The missions of sports medicine are to show injured athletes the way to return to play (RTP), to prevent from the injuies (IP), to support high performance (HP), and finally to provide health care (HC) for the athletes and active people for all ages and abilities. Towards and beyond 2020 Tokyo Olympic and Paralympic, sports medicine will make further progress for RTP, IP, HP and HC by open innovation of medicine, ICT, engineering, nutrition in collaboration with Japan Sports Agency, academia, National Federation, and companies using new devices, big data analysis, and artificial intelligence.


「Ankle joint」

Tsukasa Kumai / Professor, Waseda University Faculty of Sport Sciences

熊井 司(早稲田大学スポーツ科学学術院 教授)


「Shoulder and Elbow」

Hiroyuki Sugaya / Director, Shoulder & Elbow Service, Funabashi Orthopaedic Sports Medicine Center

菅谷 啓之(船橋整形外科病院 スポーツ医学・関節センター長)

Treatment Rationale for Shoulder & Elbow Injuries in Throwers

Throwing injuries are very common among throwers and variety of pathologies have been described including labrum lesions, PASTA lesion, Bennett lesion, and UCL injuries. However, although these pathologies can be a source of shoulder and elbow pain, it is also a consequence of repetitive throwing with deteriorated mechanics based on dysfunction of scapulothoracic articulation along with trunk and lower extremities. Therefore, regardless of pathologies, correction of dysfunction as well as throwing mechanics by physical therapist and athletic trainer should be the first choice of treatment, and this conservative treatment is effective to eliminate or reduce symptoms in most throwers. Surgical intervention is considered only when throwers who have evident anatomical problems remain symptomatic even after proper conservative treatment with a certain amount of period. To date, however, we have not yet reached to consensus regarding pathomechanics and treatment rationale among physicians (surgeons) in this difficult topic. Therefore, conservative approach and surgical indication are a bit different among surgeons and countries. Towards 2020, we need pile up evidence based on basic and clinical researches and develop consensus among therapists and surgeons.
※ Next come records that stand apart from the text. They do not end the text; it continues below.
definition pseudo_euclidean_jordan ::
  "('k::field_char_0 \<Rightarrow> 'v::ab_group_add \<Rightarrow> 'v) \<Rightarrow> ('v \<Rightarrow> 'v \<Rightarrow> 'v) \<Rightarrow> ('v \<Rightarrow> 'v \<Rightarrow> 'k) \<Rightarrow> bool" where
  "pseudo_euclidean_jordan smult m B \<longleftrightarrow> jordan_algebra smult m \<and> bilinear_form smult B
     \<and> (\<forall>x y. B x y = B y x)
     \<and> (\<forall>x. (\<forall>y. B x y = 0) \<longrightarrow> x = 0)
     \<and> (\<forall>x y z. B (m x y) z = B x (m y z))"

definition is_ideal :: "('k::field \<Rightarrow> 'v::ab_group_add \<Rightarrow> 'v) \<Rightarrow> ('v \<Rightarrow> 'v \<Rightarrow> 'v) \<Rightarrow> 'v set \<Rightarrow> bool" where
  "is_ideal smult m I \<longleftrightarrow> Modules.module.subspace smult I \<and> (\<forall>x. \<forall>i\<in>I. m x i \<in> I)"

definition B_irreducible ::
  "('k::field_char_0 \<Rightarrow> 'v::ab_group_add \<Rightarrow> 'v) \<Rightarrow> ('v \<Rightarrow> 'v \<Rightarrow> 'v) \<Rightarrow> ('v \<Rightarrow> 'v \<Rightarrow> 'k) \<Rightarrow> bool" where
  "B_irreducible smult m B \<longleftrightarrow>
     \<not> (\<exists>I. is_ideal smult m I \<and> I \<noteq> {0} \<and> I \<noteq> UNIV
            \<and> (\<forall>x\<in>I. (\<forall>y\<in>I. B x y = 0) \<longrightarrow> x = 0))"

definition dual_bases ::
  "('k::field \<Rightarrow> 'v::ab_group_add \<Rightarrow> 'v) \<Rightarrow> ('v \<Rightarrow> 'v \<Rightarrow> 'k) \<Rightarrow> nat \<Rightarrow> (nat \<Rightarrow> 'v) \<Rightarrow> (nat \<Rightarrow> 'v) \<Rightarrow> bool" where
  "dual_bases smult B n e e' \<longleftrightarrow>
     inj_on e {..<n} \<and> \<not> Modules.module.dependent smult (e ` {..<n}) \<and> Modules.module.span smult (e ` {..<n}) = UNIV
   \<and> inj_on e' {..<n} \<and> \<not> Modules.module.dependent smult (e' ` {..<n}) \<and> Modules.module.span smult (e' ` {..<n}) = UNIV
   \<and> (\<forall>i<n. \<forall>j<n. B (e i) (e' j) = (if i = j then 1 else 0))"
(* Let $G$ be a finitely generated group. If there exists an element $x\in G$ whose normal closure in $G$ is abelian and of finite index in $G$, then there exists a finite symmetric generating set $X$ for $G$ with respect to which the geodesic growth of $G$ is polynomial, i.e. there exist $c,d\in\mathbb{N}$ with $\Gamma_{G,X}(n)\le c\,n^d$ for all $n\in\mathbb{N}$.
   Context: For a group $G$ with a finite symmetric generating set $X$ (symmetric meaning $x\in X\Rightarrow x^{-1}\in X$), a word over $X$ is a geodesic if its length equals the word length (with respect to $X$) of the group element it represents. The geodesic growth function $\Gamma_{G,X}(n)$ is the number of geodesic words of length at most $n$, i.e. the number of geodesics of length at most $n$ starting at $1$ in the Cayley graph of $G$ with respect to $X$. *)

theory Defs
  imports "HOL-Algebra.Algebra"
begin

definition word_eval :: "('a, 'b) monoid_scheme \<Rightarrow> 'a list \<Rightarrow> 'a" where
  "word_eval G w = foldr (\<lambda>x y. x \<otimes>\<^bsub>G\<^esub> y) w \<one>\<^bsub>G\<^esub>"

definition word_length :: "('a, 'b) monoid_scheme \<Rightarrow> 'a set \<Rightarrow> 'a \<Rightarrow> nat" where
  "word_length G S g = Least (\<lambda>n. \<exists>w. set w \<subseteq> S \<and> length w = n \<and> word_eval G w = g)"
Koji Kaneoka / Waseda University Faculty of Sport Sciences

金岡 恒治(早稲田大学スポーツ科学学術院 教授)


「Knee joint」

Tatsuo Mae / Lecture, Orthopaedic Surgery, Osaka University Graduate School of Medicine

前 達雄(大阪大学大学院医学系研究科整形外科 講師)

Knee joint

Anterior cruciate ligament (ACL) rupture is one of the most common injuries in the sports trauma. Ligament reconstruction is generally performed for ACL injury. Thanks to advancement in anatomical studies and improvement of instruments, reconstructed graft is biomechanically and morphologically quite close to the normal ACL, and furthermore, most players can return to the previous sports activity level. However, many unsolved problems remain such as graft rupture, tunnel enlargement, long sports-restricted period, graft harvest site morbidity, and muscle weakness. Some problems can be improved by brush-up of rehabilitation program and use of bone-patellar tendon-bone graft, allograft or artificial ligament completely different from the conventional one. Now, I expect an up-coming biological break-through for graft remodeling, though there are no remedies for early return to play.